You can download Cytoscape 3 from url{http://www.cytoscape.org}. This tutorial assumes that you are using Cytoscape 3.0.2.
Import¶
In Cytoscape, import your network by selecting File > Import > Network > From file... and selecting the GraphML file generated by Tethne in your output directory.
Apply a Force Directed layout by selecting Layout > Prefuse Force Directed Layout.
Coauthorship networks are usually comprised of a very large connected component, and many very small components. For convenience, we will only look at the few largest components. Select the largest connected components (click and drag to create a selection box). Then create a new network with those selected components: select File > New > Networks > From selected nodes, all edges.
You should now see a new graph in its own viewing window, containing only the components that you selected.
Betweenness Centrality¶
This coauthorship network is clearly very modular: there are dense clusters connected by a few linking nodes that occupy sparse areas of the graph (so-called “structural holes”). We can identify the structurally most-significant actors by their “betweenness centrality.” Formally, betweenness centrality is a measure of the number of shortest paths that pass through a particular node.
Run Cytoscape’s network-analysis algorithm. Go to Tools > NetworkAnalyzer > Network Analysis > Analyze Network.
Cytoscape may ask you whether to interpret the network as directed or undirected. A coauthorship network is always undirected, since coauthorship is a symmetric relationship.
Once network analysis is complete, a window titled Results Panel will appear. Close this window.
To visualize the betweenness centrality of each node, create a new visual mapping.
- Go to the VizMapper tab, in the left part of the Cytoscape workspace.
- Find Node Size in the unused visual properties, and double-click to move it to the Node Visual Properties list.
- Click in the area to the right of Node Size and select BetweennessCentrality.
- Click in the area to the right of Mapping Type and select Continuous Mapping.
To change the size - centrality mapping function, double-click on the figure to the right of Curent Mapping, and drag the red open boxes up and down to change the angle of the function.
The largest nodes are the most central nodes in their respective connected components. These are the nodes most responsible for connecting disparate clusters in the network.
To see a list of the most central nodes, set the Table Panel to show all nodes.

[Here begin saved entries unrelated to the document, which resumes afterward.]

(* Let $n$ be even and consider the bi-party bi-objective pseudo-Boolean problem BPAOAZ on $\{0,1\}^n$ (defined in the context), whose common Pareto set is $\{1^n\}$. The expected running time of the simple evolutionary multi-party multi-objective optimizer $\text{EMPMO}_{\text{simple}}$ (with $M=2$ parties) applied to BPAOAZ is bounded by $O(3n^2\log n)$.
   Context: BPAOAZ: for $\mathbf{x}=(x_1,\dots,x_n)\in\{0,1\}^n$ with $n$ even, party 1 has the two objectives $f_{11}(\mathbf{x})=\sum_{i=n/2+1}^{n}x_i$ and $f_{12}(\mathbf{x})=\sum_{i=1}^{n/2}x_i+\sum_{i=n/2+1}^{n}(1-x_i)$; party 2 has the two objectives $f_{21}(\mathbf{x})=\sum_{i=1}^{n/2}(1-x_i)+\sum_{i=n/2+1}^{n}x_i$ and $f_{22}(\mathbf{x})=\sum_{i=1}^{n/2}x_i$. All objectives are to be maximized. Write $F_m=(f_{m1},f_{m2})$. For party $m$, $\mathbf{z}$ weakly dominates $\mathbf{x}$ ($\mathbf{z}\succeq_m\mathbf{x}$) if $f_{mk}(\mathbf{z})\ge f_{mk}(\mathbf{x})$ for $k=1,2$, and dominates it ($\mathbf{z}\succ_m\mathbf{x}$) if additionally strict inequality holds for some $k$. The Pareto set of party $m$ is the set of $\mathbf{x}$ not dominated (w.r.t. $\succ_m$) by any point of $\{0,1\}^n$; the common Pareto set is the intersection of the two parties' Pareto sets. One-bit mutation flips one uniformly random bit. $\text{EMPMO}_{\text{simple}}$: choose $\mathbf{x}$ uniformly at random from $\{0,1\}^n$; set $\Phi=\{\mathbf{x}\}$, $P_1=P_2=\{\mathbf{x}\}$. In each iteration, for $m=1,2$ in turn: pick $\mathbf{x}\in P_m$ uniformly at random and apply one-bit mutation to get $\mathbf{x}'$; if there is no $\mathbf{z}\in P_m$ with $\mathbf{z}\succ_m\mathbf{x}'$ or $F_m(\mathbf{z})=F_m(\mathbf{x}')$, then set $P_m\leftarrow (P_m\setminus\{\mathbf{z}\in P_m:\mathbf{x}'\succ_m\mathbf{z}\})\cup\{\mathbf{x}'\}$, and moreover, if there is no $\mathbf{z}\in\Phi$ such that for all parties $m'$ ($\mathbf{z}\succ_{m'}\mathbf{x}'$ or $F_{m'}(\mathbf{z})=F_{m'}(\mathbf{x}')$), set $\Phi\leftarrow(\Phi\setminus\{\mathbf{z}\in\Phi:\exists m''\ \mathbf{x}'\succ_{m''}\mathbf{z}\})\cup\{\mathbf{x}'\}$. The running time is the number of fitness evaluations (i.e. mutations, counting both parties' mutations) until the common Pareto-optimal solutions are found for the first time. *)

theory Defs
  imports "HOL-Probability.Probability"
begin

text \<open>Bit strings x = (x_1,...,x_n) are boolean lists of length n; x_i is x ! (i-1),
  so the first half is the index set {..<n div 2} and the second half {n div 2..<n}.\<close>

type_synonym bits = "bool list"

definition f11 :: "nat \<Rightarrow> bits \<Rightarrow> nat" where
  "f11 n x = (\<Sum>i\<in>{n div 2..<n}. of_bool (x ! i))"

definition f12 :: "nat \<Rightarrow> bits \<Rightarrow> nat" where
  "f12 n x = (\<Sum>i<n div 2. of_bool (x ! i)) + (\<Sum>i\<in>{n div 2..<n}. of_bool (\<not> x ! i))"

definition f21 :: "nat \<Rightarrow> bits \<Rightarrow> nat" where
  "f21 n x = (\<Sum>i<n div 2. of_bool (\<not> x ! i)) + (\<Sum>i\<in>{n div 2..<n}. of_bool (x ! i))"

definition f22 :: "nat \<Rightarrow> bits \<Rightarrow> nat" where
  "f22 n x = (\<Sum>i<n div 2. of_bool (x ! i))"

definition F :: "nat \<Rightarrow> nat \<Rightarrow> bits \<Rightarrow> nat \<times> nat" where
  "F n m x = (if m = 1 then (f11 n x, f12 n x) else (f21 n x, f22 n x))"

definition parties :: "nat set" where "parties = {1, 2}"

definition weakly_dom :: "nat \<Rightarrow> nat \<Rightarrow> bits \<Rightarrow> bits \<Rightarrow> bool" where
  "weakly_dom n m z x \<longleftrightarrow> fst (F n m z) \<ge> fst (F n m x) \<and> snd (F n m z) \<ge> snd (F n m x)"

definition dom :: "nat \<Rightarrow> nat \<Rightarrow> bits \<Rightarrow> bits \<Rightarrow> bool" where
  "dom n m z x \<longleftrightarrow> weakly_dom n m z x \<and>
     (fst (F n m z) > fst (F n m x) \<or> snd (F n m z) > snd (F n m x))"

definition search_space :: "nat \<Rightarrow> bits set" where
  "search_space n = {x. length x = n}"

definition pareto_set :: "nat \<Rightarrow> nat \<Rightarrow> bits set" where
  "pareto_set n m = {x \<in> search_space n. \<not> (\<exists>z \<in> search_space n. dom n m z x)}"

definition common_pareto :: "nat \<Rightarrow> bits set" where
  "common_pareto n = (\<Inter>m\<in>parties. pareto_set n m)"

definition mutate :: "nat \<Rightarrow> bits \<Rightarrow> bits pmf" where
  "mutate n x = map_pmf (\<lambda>i. x[i := \<not> x ! i]) (pmf_of_set {..<n})"

text \<open>Algorithm state: (archive Phi, population P_1, population P_2).\<close>
type_synonym state = "bits set \<times> bits set \<times> bits set"

definition archive :: "state \<Rightarrow> bits set" where "archive s = fst s"

definition pop :: "nat \<Rightarrow> state \<Rightarrow> bits set" where
  "pop m s = (if m = 1 then fst (snd s) else snd (snd s))"

definition set_pop :: "nat \<Rightarrow> bits set \<Rightarrow> state \<Rightarrow> state" where
  "set_pop m P s = (if m = 1 then (fst s, P, snd (snd s)) else (fst s, fst (snd s), P))"

definition update :: "nat \<Rightarrow> nat \<Rightarrow> bits \<Rightarrow> state \<Rightarrow> state" where
  "update n m x' s =
    (if \<not> (\<exists>z \<in> pop m s. dom n m z x' \<or> F n m z = F n m x') then
       (let s1 = set_pop m ({z \<in> pop m s. \<not> dom n m x' z} \<union> {x'}) s;
            Phi = archive s;
            Phi' = (if \<not> (\<exists>z \<in> Phi. \<forall>m'\<in>parties. dom n m' z x' \<or> F n m' z = F n m' x')
                    then {z \<in> Phi. \<not> (\<exists>m''\<in>parties. dom n m'' x' z)} \<union> {x'}
                    else Phi)
        in (Phi', snd s1))
     else s)"

definition party_step :: "nat \<Rightarrow> nat \<Rightarrow> state \<Rightarrow> state pmf" where
  "party_step n m s =
     bind_pmf (pmf_of_set (pop m s)) (\<lambda>x. map_pmf (\<lambda>x'. update n m x' s) (mutate n x))"

definition found :: "nat \<Rightarrow> state \<Rightarrow> bool" where
  "found n s \<longleftrightarrow> common_pareto n \<subseteq> archive s"

text \<open>Joint distribution of the state after t fitness evaluations together with the flag
  "the common Pareto set has been found at some evaluation count \<le> t".
  Evaluation number t+1 is made by party 1 if t is even and by party 2 otherwise
  (each iteration = party 1's mutation followed by party 2's mutation).\<close>
fun evals :: "nat \<Rightarrow> nat \<Rightarrow> (state \<times> bool) pmf" where
  "evals n 0 = map_pmf (\<lambda>x. (({x}, {x}, {x}), found n ({x}, {x}, {x})))
                 (pmf_of_set (search_space n))"
| "evals n (Suc t) = bind_pmf (evals n t) (\<lambda>(s, h).
      map_pmf (\<lambda>s'. (s', h \<or> found n s')) (party_step n (if even t then 1 else 2) s))"

text \<open>Expected running time E[T] of the first hitting time T (number of evaluations),
  via the tail-sum formula E[T] = sum_{t>=0} Pr[T > t] (valued in ennreal, so = \<infinity>
  if T is infinite with positive probability).\<close>
definition expected_runtime :: "nat \<Rightarrow> ennreal" where
  "expected_runtime n = (\<Sum>t. ennreal (measure_pmf.prob (evals n t) {p. \<not> snd p}))"

end

theory Submission
  imports Defs
begin

(* Only the population P of party 1 matters.  Let a and b count the ones in the first and
   in the second half of a bit string (a = f22, b = f11).  Weak dominance for party 1 never
   decreases a, and for party 1 no point dominates a point with a = n/2.  Hence
   A = max a over P never decreases and, once A = n/2, neither does the largest value B of b
   on the points of P with a = n/2.  From a point realising A (resp. B) each of the n/2 - A
   (resp. n/2 - B) flips of a zero bit in the corresponding half is accepted and raises A
   (resp. B), and P, an antichain with distinct objective vectors, has at most n/2 + 1
   elements.  So the potential c (H(n/2 - A) + H(n/2 - B)), H the harmonic numbers and
   c = 2 n (n/2 + 1), drops by at least 2 in expectation with every mutation of party 1
   until 1^n enters P, and then 1^n, the only common Pareto optimum, is in the archive.
   Additive drift over the alternating mutations gives E[T] <= 2 c H(n/2) = O(n^2 log n). *)

section \<open>The objectives in terms of the two halves\<close>

lemma sum_of_bool_add_not:
  "finite S \<Longrightarrow> (\<Sum>i\<in>S. of_bool (P i) :: nat) + (\<Sum>i\<in>S. of_bool (\<not> P i)) = card S"
  by (induction S rule: finite_induct) (auto simp del: sum_of_bool_eq)

lemma f11_le: "f11 n x \<le> n - n div 2"
  using sum_of_bool_add_not[of "{n div 2..<n}" "\<lambda>i. x ! i"]
  unfolding f11_def by (simp del: sum_of_bool_eq)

Then sort by betweenness centrality by clicking on the column header in the Node Table (you may have to click twice to sort in descending order).
Institutional affiliation¶
Wherever possible, Tethne includes institutional affiliations for authors as node attributes. You should see institutions listed in the Node Table.
Create a visual mapping for institutional affiliation.
- Go to the VizMapper.
- Find Node Fill Color in the unused visual properties, and double-click to activate.
- Click to the right of ``Node Fill Color’’ and select ``institution’‘.
- Set the ``Mapping Type’’ to ``Discrete Mapping.’’ A list of institutions should appear below ``Mapping Type.’‘
- Right-click on Discrete Mapping'', and select ``Mapping Value Generators > Random Color.
Each node should now be colored according to its institutional affiliation. Inspecting the network yields an immediate impression of whether coauthorship clusters are due to affiliation with the same institution.
Since some institutions may be colored quite similarly, select a cluster to view the specific institutional affiliation of each node. You may need to set the Node Table to show selected rather than show all.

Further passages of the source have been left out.